Oprah recently said that her major accomplishment ( even more than her Money, empire,  accomplishments, awards, accolades, honorary degrees) was eating just ten potato chips and putting the rest away.
Imagine the battle she must have had with food before she could get so happy at controlling her appetite and not letting it control her.

Self control takes discipline.
One can also struggle to have self control when it comes to Sex and all other things sexual in nature.
There are people who do not have any self control whatsoever.

Our heart and thoughts. Sometimes our heart isn't as easily controlled as we might like to think.
It it any wonder Jesus Christ said in Matthew 15: 19,
" for from the heart come evil thoughts, murder, adultery, all sexual immorality, theft, lying, and slander".
Most of what results in sin would have being avoided if we had controlled our hearts from thinking it in the first place.
The good news is that our thoughts can be controlled.
 2 Corinthans 10 vs 5 says
" Casting down imaginations, and every high thing that exalteth itself against the knowledge of 
God, and bringing into captivity every thought to the obedience if Christ;"

Anger
I used my example above. But it's not just me. A lot of people struggle with anger. A lot of marriages would have survived today if one of the parties had had self control. 
Some people will not be dead today, if one party had been able to control their anger. A lot of domestic violence and child abuse will be avoided if there was more self control.

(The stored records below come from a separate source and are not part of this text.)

lemma farkas_nat:
  fixes a :: "nat \<Rightarrow> 'i \<Rightarrow> real" and b :: "nat \<Rightarrow> real"
  assumes "finite I" "finite K" "\<not> (\<exists>x. \<forall>k\<in>K. (\<Sum>i\<in>I. a k i * x i) \<le> b k)"
  shows "\<exists>y. (\<forall>k\<in>K. 0 \<le> y k) \<and> (\<forall>i\<in>I. (\<Sum>k\<in>K. y k * a k i) = 0) \<and> (\<Sum>k\<in>K. y k * b k) < 0"
  using assms
proof (induction I arbitrary: K a b rule: finite_induct)
  case empty
  then obtain k0 where k0: "k0 \<in> K" "b k0 < 0" by (auto simp: not_le)
  have "(\<Sum>k\<in>K. (if k = k0 then 1 else 0) * b k) = b k0"
    using empty.prems(1) k0(1) by (simp add: if_distrib[of "\<lambda>z. z * _"] cong: if_cong)
  then show ?case using k0 by (intro exI[of _ "\<lambda>k. if k = k0 then 1 else 0"]) auto
next
  case (insert i0 I)
  define c where "c = (\<lambda>k. a k i0)"
  define R where "R = fm_rows c K"
  \<comment> \<open>Rows of the eliminated system are pairs of rows, encoded as naturals so that
    the induction hypothesis applies.\<close>
  define K' where "K' = prod_encode ` R"
  have reindex: "(\<Sum>r\<in>K'. f r) = (\<Sum>\<rho>\<in>R. f (prod_encode \<rho>))" for f :: "nat \<Rightarrow> real"
    unfolding K'_def by (simp add: sum.reindex inj_prod_encode)
  have reduced_infeasible:
    "\<not> (\<exists>x. \<forall>r\<in>K'. (\<Sum>i\<in>I. fm_comb c (\<lambda>k. a k i) (prod_decode r) * x i) \<le> fm_comb c b (prod_decode r))"
  proof
    assume "\<exists>x. \<forall>r\<in>K'. (\<Sum>i\<in>I. fm_comb c (\<lambda>k. a k i) (prod_decode r) * x i) \<le> fm_comb c b (prod_decode r)"
    then obtain x where "\<forall>\<rho>\<in>fm_rows c K. (\<Sum>i\<in>I. fm_comb c (\<lambda>k. a k i) \<rho> * x i) \<le> fm_comb c b \<rho>"
      by (auto simp: K'_def R_def)
    from fm_rows_lift[OF insert.prems(1) insert.hyps this[unfolded c_def]]
    obtain t where "\<forall>k\<in>K. (\<Sum>i\<in>insert i0 I. a k i * (x(i0 := t)) i) \<le> b k" ..
    with insert.prems(2) show False by blast
  qed
  have "finite K'" using insert.prems(1) by (simp add: K'_def R_def finite_fm_rows)
  then obtain y' where y': "\<forall>r\<in>K'. 0 \<le> y' r"
      "\<forall>i\<in>I. (\<Sum>r\<in>K'. y' r * fm_comb c (\<lambda>k. a k i) (prod_decode r)) = 0"
      "(\<Sum>r\<in>K'. y' r * fm_comb c b (prod_decode r)) < 0"
    using insert.IH[OF _ reduced_infeasible] by metis
  define y where "y = (\<lambda>k. \<Sum>\<rho>\<in>R. y' (prod_encode \<rho>) * fm_comb c (\<lambda>k'. if k' = k then 1 else 0) \<rho>)"
  have combine: "(\<Sum>k\<in>K. y k * f k) = (\<Sum>r\<in>K'. y' r * fm_comb c f (prod_decode r))" for f
    unfolding reindex y_def R_def using sum_fm_multipliers[OF insert.prems(1)] by simp
  show ?case
  proof (intro exI[of _ y] conjI ballI)
    show "0 \<le> y k" for k
      unfolding y_def using y'(1) insert.prems(1)
      by (auto simp: K'_def R_def fm_comb_weights(2) intro!: sum_nonneg)
    show "(\<Sum>k\<in>K. y k * a k i) = 0" if "i \<in> insert i0 I" for i
    proof (cases "i = i0")
      case True
      then show ?thesis unfolding combine reindex by (simp add: R_def fm_comb_eliminates flip: c_def)
    qed (use that y'(2) combine in auto)
    show "(\<Sum>k\<in>K. y k * b k) < 0" unfolding combine by (rule y'(3))
  qed
qed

Pride and power . it takes a lot of self control not to get swollen headed when we get to a powerful position. It takes self control to realize that all power belongs to God. I have seen hitherto nice individuals turn proud and vindictive just because their status changed.

 Moods ( being determined to have joy in your heart during times of discouragement or sadness isn't a easy something) e.t.c. There was a time when it seemed like I couldn't stop myself from getting depressed. Any little thing could send me into a spiral that took days or months to lift.
I decided to be in control of my moods and not let it control me. I make a conscious decision not to be discouraged, not to be sad and it gets better.

Tongue: our tongues can do a lot of damage. some people cannot control the urge to spew venom or to gossip.Like a parrot they go on and on. I know people who I have stopped telling things concerning  them that I heard somewhere else. Even those that can help them or are detrimental to them because they usually cannot hear and keep quiet or control their tongues to keep quiet.
Some times we have to learn to use restraint in our words and conversations.

Money. Some people also struggle for self control as regards their spending habits or their attitude to money. Lol.
I usually giggle when my Colleague says about another person " he/ she can carry money put on a transformer" . Meaning that the person likes money so much that he/ she will not mind the possibility of electrocution. It's funny, but doesn't portray the person in question has having self control when it comes to money. 

Don't forget: we can do all things through Christ who strengthens us. The first step is realizing that particular area we need to have self control in.

What has been your experience regarding self control?
Do share.

2 comments:

  1. 1. How does one do this?! @ " Casting down imaginations, and every high thing that exalteth itself against the knowledge of
    God, and bringing into captivity every thought to the obedience if Christ;"

    2. How?! @"mainly because I tried to do it on my own. As soon as I invited God into the equation however, it became a lot easier"

    Hiya Sold to Christ... Please can you help expatiate on the above.. This was an Apt read.. But i need to know How you did the above. Please assist.. and oh yeah.. worry not.. I always see your response. Thanks.

    ReplyDelete
    Replies
    1. Hi Duru!
      Thanks for your questions and for getting in touch with me too.
      I appreciate both.
      I will do a post on this to make it more detailed.